◆ **TO DO**: The output is the lines below from the one with "obtain m1 m2" through the one with "m4) \<in> letter_region", both included, printed exactly and with no other line.

⁂

lemma snd_inv_Gp:
  assumes "u \<in> carrier (Gp p)"
  shows "snd (inv\<^bsub>Gp p\<^esub> u) = Hilbert_Choice.inv (snd u)"
proof -
  interpret group "Gp p" by (rule Gp_group)
  obtain x g y h where u: "u = (x, g)" and u': "inv\<^bsub>Gp p\<^esub> u = (y, h)" by fastforce
  have "(y, h) \<otimes>\<^bsub>Gp p\<^esub> (x, g) = \<one>\<^bsub>Gp p\<^esub>" "(x, g) \<otimes>\<^bsub>Gp p\<^esub> (y, h) = \<one>\<^bsub>Gp p\<^esub>"
    using assms by (simp_all flip: u u')
  then have "g \<circ> h = id" "h \<circ> g = id" by (simp_all add: Gp_mult Gp_one)
  then have "Hilbert_Choice.inv g = h" by (rule inv_unique_comp)
  then show ?thesis using u u' by simp
qed

lemma word_eval_gens:
  "word_eval (Gp p) (gens k p) w \<in> carrier (Gp p) \<and>
   snd (word_eval (Gp p) (gens k p) w) = mobius_mat p (word_mat k w)"
proof (induction w)
  case Nil
  show ?case
    using monoid.one_closed[OF group.is_monoid[OF Gp_group]]
    by (simp add: word_eval_def word_mat_def Gp_one mobius_mat_id)
next
  case (Cons l w)
  interpret group "Gp p" by (rule Gp_group)
  obtain j s where l: "l = (j, s)" by fastforce
  let ?g = "if s then gens k p j else inv\<^bsub>Gp p\<^esub> gens k p j"
  have g: "?g \<in> carrier (Gp p)" "snd ?g = mobius_mat p (letter_mat k l)"
    using gens_in_carrier snd_inv_Gp[OF gens_in_carrier] by (auto simp: l gens_def inv_mobius_letter)
  have "word_eval (Gp p) (gens k p) (l # w) = ?g \<otimes>\<^bsub>Gp p\<^esub> word_eval (Gp p) (gens k p) w"
    by (simp add: word_eval_def l)
  moreover have "word_mat k (l # w) = mat_mult (letter_mat k l) (word_mat k w)"
    by (simp add: word_mat_def)
  ultimately show ?case
    using Cons g by (simp add: snd_Gp_mult mobius_mat_mult mat_det_letter mat_det_word)
qed

end

section \<open>Ping-pong on the real line\<close>

definition letter_region :: "nat \<Rightarrow> nat \<times> bool \<Rightarrow> real set" where
  "letter_region k l = (let (j, s) = l in
     if j = 1 then (if s then {2 * real k<..} else {..<- 2 * real k})
     else let c = 2 * (real j - 1) in if s then {c<..<c + 1} else {c - 1<..<c})"

lemma letter_region_ge_2:
  "j \<noteq> 1 \<Longrightarrow> x \<in> letter_region k (j, s) \<Longrightarrow> \<bar>x - 2 * (real j - 1)\<bar> < 1"
  by (auto simp: letter_region_def Let_def split: if_splits)

lemma zero_notin_letter_region: "j \<ge> 1 \<Longrightarrow> 0 \<notin> letter_region k (j, s)"
  by (auto simp: letter_region_def Let_def)

lemma lower_shear_maps_to_unit_interval:
  fixes u :: real
  assumes "0 < u \<and> u < 1 \<or> \<bar>u\<bar> > 1"
  shows "2 * u + 1 \<noteq> 0 \<and> u / (2 * u + 1) \<in> {0<..<1}"
proof (cases "u > 0")
  case False
  then have "u < -1" using assms by linarith
  then show ?thesis by (auto simp: divide_less_eq zero_less_divide_iff)
qed (auto simp: divide_less_eq)

lemma inverse_lower_shear_maps_to_neg_unit_interval:
  fixes u :: real
  assumes "-1 < u \<and> u < 0 \<or> \<bar>u\<bar> > 1"
  shows "1 - 2 * u \<noteq> 0 \<and> u / (1 - 2 * u) \<in> {-1<..<0}"
proof (cases "u < 0")
  case True
  then have "1 - 2 * u > 0" by linarith
  then show ?thesis using True by (auto simp: less_divide_eq divide_less_0_iff)
next
  case False
  then have "u > 1" using assms by linarith
  then show ?thesis by (auto simp: less_divide_eq divide_less_0_iff)
qed

lemma conjugate_letter_action:
  fixes x :: real
  assumes "j \<noteq> 1" "letter_mat k (j, s) = (a, b, c, d)"
  defines "u \<equiv> x - 2 * (real j - 1)"
  shows "c * x + d = (if s then 2 * u + 1 else 1 - 2 * u)"
    "a * x + b = 2 * (real j - 1) * (c * x + d) + u"
proof -
  let ?c = "int j - 1"
  have abcd: "a = (if s then 1 + 4 * ?c else 1 - 4 * ?c)" "b = (if s then - 8 * ?c\<^sup>2 else 8 * ?c\<^sup>2)"
    "c = (if s then 2 else - 2)" "d = (if s then 1 - 4 * ?c else 1 + 4 * ?c)"
    using assms(1,2) by (auto simp: letter_mat_def)
  show "c * x + d = (if s then 2 * u + 1 else 1 - 2 * u)"
    "a * x + b = 2 * (real j - 1) * (c * x + d) + u"
    unfolding abcd u_def by (simp_all add: algebra_simps power2_eq_square)
qed

lemma letter_maps_into_region:
  fixes x :: real
  assumes "j \<in> {1..k}" "j' \<in> {1..k}" "(j', s') \<noteq> (j, \<not> s)"
    and x: "x = 0 \<or> x \<in> letter_region k (j', s')"
    and M: "letter_mat k (j, s) = (a, b, c, d)"
  shows "c * x + d \<noteq> 0 \<and> (a * x + b) / (c * x + d) \<in> letter_region k (j, s)"
proof (cases "j = 1")
  case True
  have "x > - 2 * real k" if s
    using x assms(2,3) letter_region_ge_2[of j' x k s'] True that
    by (cases "j' = 1") (auto simp: letter_region_def)
  moreover have "x < 2 * real k" if "\<not> s"
    using x assms(2,3) letter_region_ge_2[of j' x k s'] True that
    by (cases "j' = 1") (auto simp: letter_region_def)
  ultimately show ?thesis
    using M True by (auto simp: letter_mat_def letter_region_def)
next
  case False
  define u where "u = x - 2 * (real j - 1)"
  have "(if s then 0 < u \<and> u < 1 else -1 < u \<and> u < 0) \<or> \<bar>u\<bar> > 1"
  proof (cases "x = 0 \<or> j' = 1")
    case True
    have "real j \<le> real k" "real j \<ge> 2" using assms(1) False by auto
    with True show ?thesis
      using x unfolding u_def by (auto simp: letter_region_def split: if_splits)
  next
    case j': False
    show ?thesis
    proof (cases "j' = j")
      case True
      then show ?thesis using x j' assms(3) False
        by (auto simp: u_def letter_region_def)
    next
      case False
      then have "\<bar>real j' - real j\<bar> \<ge> 1" by linarith
      then show ?thesis
        using x j' letter_region_ge_2[of j' x k s'] unfolding u_def by auto
    qed
  qed
  then have "c * x + d \<noteq> 0 \<and> u / (c * x + d) \<in> (if s then {0<..<1} else {-1<..<0})"
    using lower_shear_maps_to_unit_interval[of u] inverse_lower_shear_maps_to_neg_unit_interval[of u] conjugate_letter_action(1)[OF False M, of x]
    unfolding u_def by (cases s) auto
  moreover have "(a * x + b) / (c * x + d) = 2 * (real j - 1) + u / (c * x + d)" if "c * x + d \<noteq> 0"
    using conjugate_letter_action(2)[OF False M, of x] that by (simp add: u_def field_simps)
  ultimately show ?thesis
    using False by (auto simp: letter_region_def Let_def)
qed

lemma reduced_word_ConsD:
  assumes "reduced_word (l # w)"
  shows "reduced_word w" "w \<noteq> [] \<Longrightarrow> hd w \<noteq> (fst l, \<not> snd l)"
proof -
  show "reduced_word w"
    using assms unfolding reduced_word_def by (metis Suc_less_eq length_Cons nth_Cons_Suc)
  show "hd w \<noteq> (fst l, \<not> snd l)" if "w \<noteq> []"
    using assms that spec[OF assms[unfolded reduced_word_def], of 0]
    by (cases w) auto
qed

text \<open>b / d is the image of 0 under the real Moebius transformation of w.\<close>
lemma word_mat_pingpong:
  assumes "w \<in> lists ({1..k} \<times> UNIV)" "reduced_word w" "w \<noteq> []" "word_mat k w = (a, b, c, d)"
  shows "d \<noteq> 0 \<and> b / d \<in> letter_region k (hd w)"
  using assms
proof (induction w arbitrary: a b c d rule: list.induct)
  case (Cons l w)
  obtain j s where l: "l = (j, s)" by fastforce
  obtain a0 b0 c0 d0 where W: "word_mat k w = (a0, b0, c0, d0)" by (cases "word_mat k w") auto
  obtain m1 m2 m3 m4 where L: "letter_mat k (j, s) = (m1, m2, m3, m4)" by (cases "letter_mat k (j, s)") auto
  have j: "j \<in> {1..k}" using Cons.prems(1) l by auto
  have "d0 \<noteq> 0 \<and> (b0 / d0 = 0 \<or>
      (\<exists>j' s'. j' \<in> {1..k} \<and> (j', s') \<noteq> (j, \<not> s) \<and> b0 / d0 \<in> letter_region k (j', s')))"
  proof (cases "w = []")
    case True
    then show ?thesis using W by (simp add: word_mat_def)
  next
    case False
    obtain j' s' where hd: "hd w = (j', s')" by fastforce
    have "j' \<in> {1..k}" using Cons.prems(1) False hd by (cases w) auto
    moreover have "(j', s') \<noteq> (j, \<not> s)"
      using reduced_word_ConsD(2)[OF Cons.prems(2) False] hd l by simp
    moreover have "d0 \<noteq> 0 \<and> b0 / d0 \<in> letter_region k (j', s')"
      using Cons.IH[OF _ reduced_word_ConsD(1)[OF Cons.prems(2)] False W] Cons.prems(1) hd by simp
    ultimately show ?thesis by blast
  qed
  then obtain j' s' where d0: "d0 \<noteq> 0" and "j' \<in> {1..k}" "(j', s') \<noteq> (j, \<not> s)"
    and "b0 / d0 = 0 \<or> b0 / d0 \<in> letter_region k (j', s')"
    using j by blast
  from letter_maps_into_region[OF j this(2-4) L]
  have step: "m3 * (b0 / d0) + m4 \<noteq> 0 \<and>
      (m1 * (b0 / d0) + m2) / (m3 * (b0 / d0) + m4) \<in> letter_region k (j, s)" .
  have "b = m1 * b0 + m2 * d0" "d = m3 * b0 + m4 * d0"
    using Cons.prems(4) W L l by (auto simp: word_mat_def)
  then have "real_of_int d = d0 * (m3 * (b0 / d0) + m4)" "real_of_int b = d0 * (m1 * (b0 / d0) + m2)"
    using d0 by (simp_all add: field_simps)
  then have "d \<noteq> 0" "b / d = (m1 * (b0 / d0) + m2) / (m3 * (b0 / d0) + m4)"
    using step d0 by (auto simp del: times_divide_eq_right)
  then show ?case
    using step l by simp
qed auto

⁂

◆ **THE COMPLETED TASK**:
  obtain m1 m2 m3 m4 where L: "letter_mat k (j, s) = (m1, m2, m3, m4)" by (cases "letter_mat k (j, s)") auto
  have j: "j \<in> {1..k}" using Cons.prems(1) l by auto
  have "d0 \<noteq> 0 \<and> (b0 / d0 = 0 \<or>
      (\<exists>j' s'. j' \<in> {1..k} \<and> (j', s') \<noteq> (j, \<not> s) \<and> b0 / d0 \<in> letter_region k (j', s')))"
  proof (cases "w = []")
    case True
    then show ?thesis using W by (simp add: word_mat_def)
  next
    case False
    obtain j' s' where hd: "hd w = (j', s')" by fastforce
    have "j' \<in> {1..k}" using Cons.prems(1) False hd by (cases w) auto
    moreover have "(j', s') \<noteq> (j, \<not> s)"
      using reduced_word_ConsD(2)[OF Cons.prems(2) False] hd l by simp
    moreover have "d0 \<noteq> 0 \<and> b0 / d0 \<in> letter_region k (j', s')"
      using Cons.IH[OF _ reduced_word_ConsD(1)[OF Cons.prems(2)] False W] Cons.prems(1) hd by simp
    ultimately show ?thesis by blast
  qed
  then obtain j' s' where d0: "d0 \<noteq> 0" and "j' \<in> {1..k}" "(j', s') \<noteq> (j, \<not> s)"
    and "b0 / d0 = 0 \<or> b0 / d0 \<in> letter_region k (j', s')"
    using j by blast
  from letter_maps_into_region[OF j this(2-4) L]
  have step: "m3 * (b0 / d0) + m4 \<noteq> 0 \<and>
      (m1 * (b0 / d0) + m2) / (m3 * (b0 / d0) + m4) \<in> letter_region k (j, s)" .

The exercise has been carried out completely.